Кэндзи бросил украшать прилавок, сжал губы, посмотрел на пораженное лицо Ихиро и бросился к нему.

– Не сходите с ума, это всего лишь совпадение, к этим убийствам вы не имеете никакого отношения.

– Подумать только! Вчера вечером я отправился на работу, а вечером вернулся сюда! У меня нет сил, в меня выпустят стрелу, и она вонзится мне между лопаток, я в этом уверен!

– Вы и так целыми днями носа не кажете из комнаты, которую предоставил в ваше распоряжение Виктор. Но ведь вечером вам в ней оставаться не обязательно!

Ихиро втянул голову в плечи. Если он потеряет работу, то навсегда лишится денег на квартиру, рис, чай и мелкие расходы. Он медленно поднял лицо и неподвижно уставился на Кэндзи.

– Я нашел решение на тот период, пока полиция не найдет виновного.

– Да? Что же это за решение?

– Мне нужно найти замену. Предпочтительно японца. Мы обрядим его в мою одежду.
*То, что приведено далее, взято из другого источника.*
(* Let $0\le a<b$, $1<\alpha\le 2$, and let $q:[a,b]\to\mathbb{R}$ be continuous. Suppose the fractional boundary value problem $${}^{CF}D_a^{\alpha}u(t)+q(t)u(t)=0,\quad a<t<b,\qquad u(a)=u(b)=0,$$ has a nontrivial solution. Then $$\int_a^b|q(t)|\,dt\ \ge\ \begin{cases}\dfrac{1}{2-\alpha}, & \text{if } b-a<\dfrac{2-\alpha}{\alpha-1},\\[3mm] \dfrac{4(\alpha-1)(b-a)}{[(\alpha-1)(b-a)+(2-\alpha)]^2}, & \text{if } b-a\ge\dfrac{2-\alpha}{\alpha-1}.\end{cases}$$
   Context: ${}^{CF}D_a^{\alpha}$ denotes the Caputo–Fabrizio fractional derivative of order $\alpha\in(1,2]$ with lower terminal $a$: for a twice continuously differentiable $u$ on $[a,b]$ and $1<\alpha<2$, ${}^{CF}D_a^{\alpha}u(t)=\frac{1}{2-\alpha}\int_a^t \exp\!\big(-\frac{\alpha-1}{2-\alpha}(t-s)\big)u''(s)\,ds$, and for $\alpha=2$ it is $u''(t)$. A solution means a twice continuously differentiable function $u$ on $[a,b]$ satisfying the equation and boundary conditions; nontrivial means not identically zero. (The problem is equivalent to $u(t)=\int_a^b G(t,s)q(s)u(s)\,ds$ with $G(t,s)=\frac{b-t}{b-a}[(\alpha-1)(s-a)-2+\alpha]$ for $a\le s\le t\le b$ and $G(t,s)=\frac{t-a}{b-a}[(\alpha-1)(b-s)+2-\alpha]$ for $a\le t\le s\le b$.) *)

theory Defs
  imports "HOL-Analysis.Analysis"
begin

definition C2_on :: "real \<Rightarrow> real \<Rightarrow> (real \<Rightarrow> real) \<Rightarrow> (real \<Rightarrow> real) \<Rightarrow> (real \<Rightarrow> real) \<Rightarrow> bool" where
  "C2_on a b u u1 u2 \<longleftrightarrow>
     (\<forall>t\<in>{a..b}. (u has_real_derivative u1 t) (at t within {a..b})) \<and>
     (\<forall>t\<in>{a..b}. (u1 has_real_derivative u2 t) (at t within {a..b})) \<and>
     continuous_on {a..b} u2"

text \<open>Caputo--Fabrizio derivative of order alpha in (1,2], expressed via the second
  derivative u2 of u.\<close>
definition CF_deriv :: "real \<Rightarrow> real \<Rightarrow> (real \<Rightarrow> real) \<Rightarrow> real \<Rightarrow> real" where
  "CF_deriv \<alpha> a u2 t =
     (if \<alpha> = 2 then u2 t
      else (1 / (2 - \<alpha>)) * integral {a..t} (\<lambda>s. exp (- ((\<alpha> - 1) / (2 - \<alpha>)) * (t - s)) * u2 s))"

end

theory Submission
  imports Defs
begin

text \<open>
  Write c for the Caputo--Fabrizio derivative of u. Its exponential kernel makes c solve
  (2 - \<alpha>) c' + (\<alpha> - 1) c = u'' with (2 - \<alpha>) c(a) = 0, so integrating twice gives
  u(t) = u(a) + u'(a) (t - a) + \<integral>[a,t] ((2 - \<alpha>) + (\<alpha> - 1) (t - s)) c(s) ds.
  Inserting c = -q u and the boundary conditions yields u(t) = \<integral>[a,b] G(t,s) q(s) u(s) ds.
  At a point where |u| is maximal this gives 1 \<le> max |G| \<integral>[a,b] |q|, and max |G| is
  the reciprocal of the stated bound.
\<close>

lemma CF_deriv_eq_exp_integral:
  assumes "\<alpha> \<noteq> 2"
  defines "k \<equiv> (\<alpha> - 1) / (2 - \<alpha>)"
  shows "(2 - \<alpha>) * CF_deriv \<alpha> a u2 t = exp (- k * t) * integral {a..t} (\<lambda>s. exp (k * s) * u2 s)"
proof -
  have "(\<lambda>s. exp (- k * (t - s)) * u2 s) = (\<lambda>s. exp (- k * t) * (exp (k * s) * u2 s))"
    by (simp add: mult_exp_exp algebra_simps)
  then show ?thesis
    using assms by (simp add: CF_deriv_def k_def)
qed

lemma scaled_CF_deriv_has_real_derivative:
  assumes "continuous_on {a..b} u2" "t \<in> {a..b}"
  shows "((\<lambda>t. (2 - \<alpha>) * CF_deriv \<alpha> a u2 t) has_real_derivative u2 t - (\<alpha> - 1) * CF_deriv \<alpha> a u2 t)
           (at t within {a..b})"
proof (cases "\<alpha> = 2")
  case True
  then show ?thesis by (simp add: CF_deriv_def)
next
  case False
  define k where "k = (\<alpha> - 1) / (2 - \<alpha>)"
  define E where "E t = integral {a..t} (\<lambda>s. exp (k * s) * u2 s)" for t
  have CF_eq: "(\<lambda>t. (2 - \<alpha>) * CF_deriv \<alpha> a u2 t) = (\<lambda>t. exp (- k * t) * E t)"
    using CF_deriv_eq_exp_integral[OF False] by (simp add: k_def E_def)
  have "(E has_real_derivative exp (k * t) * u2 t) (at t within {a..b})"
    unfolding E_def using assms by (intro integral_has_real_derivative continuous_intros)
  then have "((\<lambda>t. exp (- k * t) * E t) has_real_derivative u2 t - k * (exp (- k * t) * E t))
               (at t within {a..b})"
    by (auto intro!: derivative_eq_intros simp: mult_exp_exp algebra_simps)
  moreover have "k * (exp (- k * t) * E t) = k * (2 - \<alpha>) * CF_deriv \<alpha> a u2 t"
    using fun_cong[OF CF_eq, of t] by simp
  moreover have "k * (2 - \<alpha>) = \<alpha> - 1"
    using False by (simp add: k_def)
  ultimately show ?thesis
    unfolding CF_eq by simp
qed

lemma continuous_on_CF_deriv:
  assumes "continuous_on {a..b} u2"
  shows "continuous_on {a..b} (CF_deriv \<alpha> a u2)"
proof (cases "\<alpha> = 2")
  case True
  then show ?thesis using assms by (simp add: CF_deriv_def)
next
  case False
  have "continuous_on {a..b} (\<lambda>t. (2 - \<alpha>) * CF_deriv \<alpha> a u2 t)"
    using scaled_CF_deriv_has_real_derivative[OF assms] by (rule DERIV_continuous_on)
  then have "continuous_on {a..b} (\<lambda>t. inverse (2 - \<alpha>) * ((2 - \<alpha>) * CF_deriv \<alpha> a u2 t))"
    by (rule continuous_on_mult_left)
  then show ?thesis
    using False by (simp add: mult.assoc[symmetric])
qed

lemma CF_deriv_first_integral:
  assumes "\<And>t. t \<in> {a..b} \<Longrightarrow> (u1 has_real_derivative u2 t) (at t within {a..b})"
    and "continuous_on {a..b} u2" and "t \<in> {a..b}"
  shows "u1 t - u1 a = (2 - \<alpha>) * CF_deriv \<alpha> a u2 t + (\<alpha> - 1) * integral {a..t} (CF_deriv \<alpha> a u2)"
proof -
  define F where "F t = (2 - \<alpha>) * CF_deriv \<alpha> a u2 t + (\<alpha> - 1) * integral {a..t} (CF_deriv \<alpha> a u2) - u1 t"
    for t
  have "(F has_real_derivative 0) (at x within {a..b})" if x: "x \<in> {a..b}" for x
  proof -
    have "((\<lambda>t. integral {a..t} (CF_deriv \<alpha> a u2)) has_real_derivative CF_deriv \<alpha> a u2 x)
            (at x within {a..b})"
      using continuous_on_CF_deriv[OF assms(2)] x by (rule integral_has_real_derivative)
    from DERIV_diff[OF DERIV_add[OF scaled_CF_deriv_has_real_derivative[OF assms(2) x, where \<alpha> = \<alpha>]
          DERIV_cmult[OF this, where c = "\<alpha> - 1"]] assms(1)[OF x]]
    show ?thesis
      unfolding F_def by simp
  qed
  then obtain c where "\<forall>x\<in>{a..b}. F x = c"
    using has_field_derivative_zero_constant[of "{a..b}" F] by auto
  then have "F t = F a"
    using assms(3) by auto
  moreover have "(2 - \<alpha>) * CF_deriv \<alpha> a u2 a = 0"
    by (simp add: CF_deriv_def)
  ultimately show ?thesis
    by (simp add: F_def)
qed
Удивление Кэндзи тут же уступило место возмущению.

– Я отказываюсь! Категорически!

– У вас будет право посмотреть спектакль. Актриса Сада Якко очаровательна, ее пантомима приведет вас в совершеннейший восторг. Что же до Лои Фуллер, то ее покрова, окрашиваемые в разные цвета электрическими прожекторами, вызывают душевный подъем.

– И речи быть не может.

– Мори-сан, бесценный мой друг…

– Кэндзи! Могу я с вами поговорить? – спросил Виктор.

– Одну минуту.

Кэндзи схватил большой конверт со своим последним приобретением – ксилографией Тории Киёнага[43]43
  Тории Киёнага – знаменитый японский художник (1752–1815).


[Закрыть]
, живописавшей общественные бани изнутри, которую он намеревался подарить Джине, когда она проснется. Любопытство Ихиро его настораживало.

– Этот человек сведет меня с ума, – проворчал он.
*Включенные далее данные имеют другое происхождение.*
(* Let $\mathcal{D}=(V,\Phi)$ be a finite directed graph with adjacency matrix $M\in\{0,1\}^{V\times V}$ ($M_{vw}=1$ iff $(v,w)\in\Phi$). Let $\boldsymbol{\alpha}(t),\boldsymbol{\beta}(t)\in[0,+\infty)^V$ ($t\ge0$) be vector sequences such that $\boldsymbol{\alpha}(t)$ is non-decreasing in every component and $\boldsymbol{\beta}(t)$ is convergent, and let $\mathbf{r},\mathbf{s}\in(0,+\infty)^V$ with $r_v=s_v^{-1}$ for all $v$. Set $W_{vw}=r_vM_{vw}s_w$. Define $\boldsymbol{\omega}(t),\boldsymbol{\eta}(t)$ by $\boldsymbol{\omega}(0)=\boldsymbol{\eta}(0)=\mathbf{1}$ and, for all $v\in V$, $t\ge0$, $$\omega_v(t+1)=\frac{1}{1+\alpha_v(t)+\sum_{w}W_{vw}(1-\omega_w(t))},\qquad \eta_v(t+1)=1+\beta_v(t)+\sum_w M_{vw}\,\omega_w(t)\,\eta_w(t).$$ If $\mathcal{D}$ is strongly connected and there exists $v\in V$ such that the sequence $\alpha_v(t)$ is not identically zero, then the sequences $\boldsymbol{\omega}(t)$ and $\boldsymbol{\eta}(t)$ converge. Moreover, for every $u\in V$ the sequence $\omega_u(t)$ is non-increasing and its limit satisfies $\omega_u(\infty)<1$.
   Context: $\mathcal{D}$ is strongly connected if for every pair $v,w\in V$ there is a directed path from $v$ to $w$ and one from $w$ to $v$. *)

theory Defs
  imports Main "HOL-Analysis.Analysis"
begin

definition adj :: "('v \<times> 'v) set \<Rightarrow> 'v \<Rightarrow> 'v \<Rightarrow> real" where
  "adj Phi v w = (if (v, w) \<in> Phi then 1 else 0)"

definition strongly_connected :: "('v \<times> 'v) set \<Rightarrow> bool" where
  "strongly_connected Phi \<longleftrightarrow> (\<forall>v w. (v, w) \<in> Phi\<^sup>* \<and> (w, v) \<in> Phi\<^sup>*)"

fun omega :: "('v::finite \<Rightarrow> 'v \<Rightarrow> real) \<Rightarrow> (nat \<Rightarrow> 'v \<Rightarrow> real) \<Rightarrow> nat \<Rightarrow> 'v \<Rightarrow> real" where
  "omega W \<alpha> 0 v = 1"
| "omega W \<alpha> (Suc t) v =
     1 / (1 + \<alpha> t v + (\<Sum>w\<in>UNIV. W v w * (1 - omega W \<alpha> t w)))"

fun eta :: "('v::finite \<Rightarrow> 'v \<Rightarrow> real) \<Rightarrow> (nat \<Rightarrow> 'v \<Rightarrow> real) \<Rightarrow> (nat \<Rightarrow> 'v \<Rightarrow> real)
            \<Rightarrow> nat \<Rightarrow> 'v \<Rightarrow> real" where
  "eta M \<beta> \<omega> 0 v = 1"
| "eta M \<beta> \<omega> (Suc t) v =
     1 + \<beta> t v + (\<Sum>w\<in>UNIV. M v w * \<omega> t w * eta M \<beta> \<omega> t w)"

end

theory Submission
  imports Defs
begin

text \<open>
  The map defining \<open>\<omega>(t+1)\<close> from \<open>\<omega>(t)\<close> and \<open>\<alpha>(t)\<close> is monotone, so \<open>\<omega>\<close> decreases
  and converges; a vertex with \<open>\<alpha>\<^sub>v(t) > 0\<close> has \<open>\<omega>\<^sub>v(t+1) < 1\<close>, and this propagates
  backwards along edges, so every limit is below 1.

  With \<open>W = diag(s)\<^sup>-\<^sup>1 M diag(s)\<close> and \<open>z = s (1 - \<omega>)\<close> the recursion for \<open>\<omega>\<close> reads
  \<open>\<omega>\<^sub>v(t+1) (M z(t))\<^sub>v = z\<^sub>v(t+1) - s\<^sub>v \<omega>\<^sub>v(t+1) \<alpha>\<^sub>v(t)\<close>. In the limit, \<open>z(\<infinity>) > 0\<close> is a
  subinvariant vector of \<open>B = diag(\<omega>(\<infinity>)) M\<close>, with slack wherever \<open>\<alpha>\<close> becomes positive
  or \<open>\<omega>(\<infinity>)\<close> vanishes. Strong connectivity spreads the slack to all vertices and yields
  \<open>y > 0\<close> with \<open>B y \<le> \<gamma> y\<close> for some \<open>\<gamma> < 1\<close>. Now \<open>\<zeta> = \<omega> \<eta>\<close> obeys an affine recursion
  \<open>\<zeta>(t+1) = c(t) + B(t) \<zeta>(t)\<close> with \<open>B(t) \<rightarrow> B\<close>, which is eventually a contraction in the
  \<open>y\<close>-weighted sup norm, so \<open>\<zeta>\<close> and hence \<open>\<eta>\<close> converge.
\<close>

section \<open>Subinvariant vectors of nonnegative matrices\<close>

lemma rtrancl_crossing_edge:
  assumes "(a, b) \<in> R\<^sup>*" "a \<notin> S" "b \<in> S"
  shows "\<exists>u w. (u, w) \<in> R \<and> u \<notin> S \<and> w \<in> S"
  using assms by (induction rule: converse_rtrancl_induct) blast+

definition slack_vertices :: "('v::finite \<Rightarrow> 'v \<Rightarrow> real) \<Rightarrow> ('v \<Rightarrow> real) \<Rightarrow> 'v set" where
  "slack_vertices B z = {v. (\<Sum>w\<in>UNIV. B v w * z w) < z v}"

lemma subinvariant_vector_spread_slack:
  fixes B :: "'v::finite \<Rightarrow> 'v \<Rightarrow> real"
  assumes B_nonneg: "\<And>v w. 0 \<le> B v w" and z_pos: "\<And>v. 0 < z v"
    and sub: "\<And>v. (\<Sum>w\<in>UNIV. B v w * z w) \<le> z v"
    and slack: "slack_vertices B z \<noteq> {}"
  obtains z' where "\<And>v. 0 < z' v" "\<And>v. (\<Sum>w\<in>UNIV. B v w * z' w) \<le> z' v"
    "slack_vertices B z \<subseteq> slack_vertices B z'"
    "\<And>v w. 0 < B v w \<Longrightarrow> w \<in> slack_vertices B z \<Longrightarrow> v \<in> slack_vertices B z'"
proof -
  define S where "S = slack_vertices B z"
  define gap where "gap v = z v - (\<Sum>w\<in>UNIV. B v w * z w)" for v
  define \<epsilon> where "\<epsilon> = Min (gap ` S) / 2"
  define z' where "z' v = z v - (if v \<in> S then \<epsilon> else 0)" for v
  have gap_pos: "v \<in> S \<Longrightarrow> 0 < gap v" for v
    by (simp add: S_def slack_vertices_def gap_def)
  have gap_le: "gap v \<le> z v" for v
    using B_nonneg z_pos by (simp add: gap_def less_imp_le sum_nonneg)
  have \<epsilon>_pos: "0 < \<epsilon>"
    using slack gap_pos by (simp add: \<epsilon>_def S_def)
  have \<epsilon>_le: "v \<in> S \<Longrightarrow> 2 * \<epsilon> \<le> gap v" for v
    by (simp add: \<epsilon>_def)
  have Bz': "(\<Sum>w\<in>UNIV. B v w * z' w)
      = (\<Sum>w\<in>UNIV. B v w * z w) - \<epsilon> * (\<Sum>w\<in>S. B v w)" for v
  proof -
    have "(\<Sum>w\<in>UNIV. B v w * (if w \<in> S then \<epsilon> else 0)) = \<epsilon> * (\<Sum>w\<in>S. B v w)"
      by (simp add: if_distrib sum.If_cases sum_distrib_left mult.commute)
    then show ?thesis
      by (simp add: z'_def right_diff_distrib sum_subtractf)
  qed
  have \<epsilon>_sum_nonneg: "0 \<le> \<epsilon> * (\<Sum>w\<in>S. B v w)" for v
    using B_nonneg \<epsilon>_pos by (simp add: sum_nonneg)
  have Bz'_le: "(\<Sum>w\<in>UNIV. B v w * z' w) \<le> (\<Sum>w\<in>UNIV. B v w * z w)" for v
    using \<epsilon>_sum_nonneg[of v] by (simp add: Bz')
  have slack_z': "(\<Sum>w\<in>UNIV. B v w * z' w) < z' v" if "v \<in> S" for v
    using Bz'_le[of v] \<epsilon>_le[of v] \<epsilon>_pos that by (simp add: z'_def gap_def)
  show thesis
  proof
    show "0 < z' v" for v
      using z_pos[of v] gap_le[of v] \<epsilon>_le[of v] \<epsilon>_pos by (auto simp: z'_def)
    show "(\<Sum>w\<in>UNIV. B v w * z' w) \<le> z' v" for v
    proof (cases "v \<in> S")
      case True
      then show ?thesis using slack_z' by (simp add: less_imp_le)
    next
      case False
      then show ?thesis using Bz'_le[of v] sub[of v] by (simp add: z'_def)
    qed
    show "slack_vertices B z \<subseteq> slack_vertices B z'"
      using slack_z' by (auto simp: S_def slack_vertices_def)
    show "v \<in> slack_vertices B z'" if "0 < B v w" "w \<in> slack_vertices B z" for v w
    proof (cases "v \<in> S")
      case True
      then show ?thesis using slack_z' by (simp add: slack_vertices_def)
    next
      case False
      have "B v w \<le> (\<Sum>w\<in>S. B v w)"
        using that B_nonneg by (intro member_le_sum) (auto simp: S_def)
      then have "0 < \<epsilon> * (\<Sum>w\<in>S. B v w)"
        using \<epsilon>_pos that by simp
      then show ?thesis
        unfolding slack_vertices_def mem_Collect_eq Bz' using sub[of v] False by (simp add: z'_def)
    qed
  qed
qed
– Если вы хотите от него избавиться, предоставьте все мне. Полагаю, вы слышали?

– Да-да, отель рядом с Трокадеро, стрелой убили человека. Бегите уж, но если Таша и Айрис узнают – вам несдобровать. «Учуяв кровь, кошка не может скрыть вожделения», – гласит поговорка.
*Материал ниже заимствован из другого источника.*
(* Let $d\ge2$ and let $\mathbf{p}^\star=(1,p_2^\star,\dots,p_d^\star)$ be a maximizer of the problem $$\max\Big\{\frac{\prod_{i=1}^dp_i}{D_1(\mathbf{p})^d}\;:\;\mathbf{p}\in(0,\infty)^d,\ p_1=1,\ D_1(\mathbf{p})^2\ge D_j(\mathbf{p})^2\text{ for all }j\in\{2,\dots,d\}\Big\}.$$ Then $D(\mathbf{p}^\star)=D_1(\mathbf{p}^\star)=D_2(\mathbf{p}^\star)$ and $$p_2^\star=\sqrt{\tfrac13},\qquad p_j^\star=\sqrt{\tfrac23}\,\frac{1}{j-1}\quad\text{for } j\in\{3,\dots,d\}.$$
   Context: For $k\in\{1,\dots,d\}$ let $w_{k,i}=0$ for $i<k$, $w_{k,k}=k$, $w_{k,i}=i-1$ for $k<i\le d$, $D_k(\mathbf{p})=\sqrt{\sum_{i=1}^dw_{k,i}^2p_i^2}$, and $D(\mathbf{p})=\max_{k\in\{1,\dots,d\}}D_k(\mathbf{p})$. *)

theory Defs
  imports "HOL-Analysis.Analysis"
begin

text \<open>Vectors p in R^d are represented as functions nat => real, only the
  coordinates 1..d are relevant.\<close>

definition w :: "nat \<Rightarrow> nat \<Rightarrow> real" where
  "w k i = (if i < k then 0 else if i = k then real k else real i - 1)"

definition Dk :: "nat \<Rightarrow> nat \<Rightarrow> (nat \<Rightarrow> real) \<Rightarrow> real" where
  "Dk d k p = sqrt (\<Sum>i=1..d. (w k i)^2 * (p i)^2)"

definition Dmax :: "nat \<Rightarrow> (nat \<Rightarrow> real) \<Rightarrow> real" where
  "Dmax d p = Max ((\<lambda>k. Dk d k p) ` {1..d})"

definition feasible :: "nat \<Rightarrow> (nat \<Rightarrow> real) \<Rightarrow> bool" where
  "feasible d p \<longleftrightarrow> (\<forall>i\<in>{1..d}. p i > 0) \<and> p 1 = 1 \<and>
     (\<forall>j\<in>{2..d}. (Dk d 1 p)^2 \<ge> (Dk d j p)^2)"

definition objective :: "nat \<Rightarrow> (nat \<Rightarrow> real) \<Rightarrow> real" where
  "objective d p = (\<Prod>i=1..d. p i) / (Dk d 1 p)^d"

end

theory Submission
  imports Defs
begin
– Которую вы только что сами и придумали. Мне лучше действовать в одиночку. Жозеф в курсе, я его предупредил.

Вид расстроенного зятя убедил Кэндзи окончательно.

Наконец, все стали уходить. Фредерик проводил взглядом женщину с двумя строптивыми собачонками на поводках, в кильватере за которой двигались две клиентки лавки, то и дело путавшиеся в оборках и воланах своих просторных цыганских одежд. Но вся загвоздка заключалась в том, что они окружили Виктора Легри плотным кольцом и, таким образом, превратили в недоступную жертву.

От первоначального плана Даглану пришлось отказаться. Он приблизился к книжной лавке и увидел двух японцев, с воодушевлением что-то обсуждавших под присмотром третьего субъекта с жесткой белокурой шевелюрой, облокотившегося на прилавок.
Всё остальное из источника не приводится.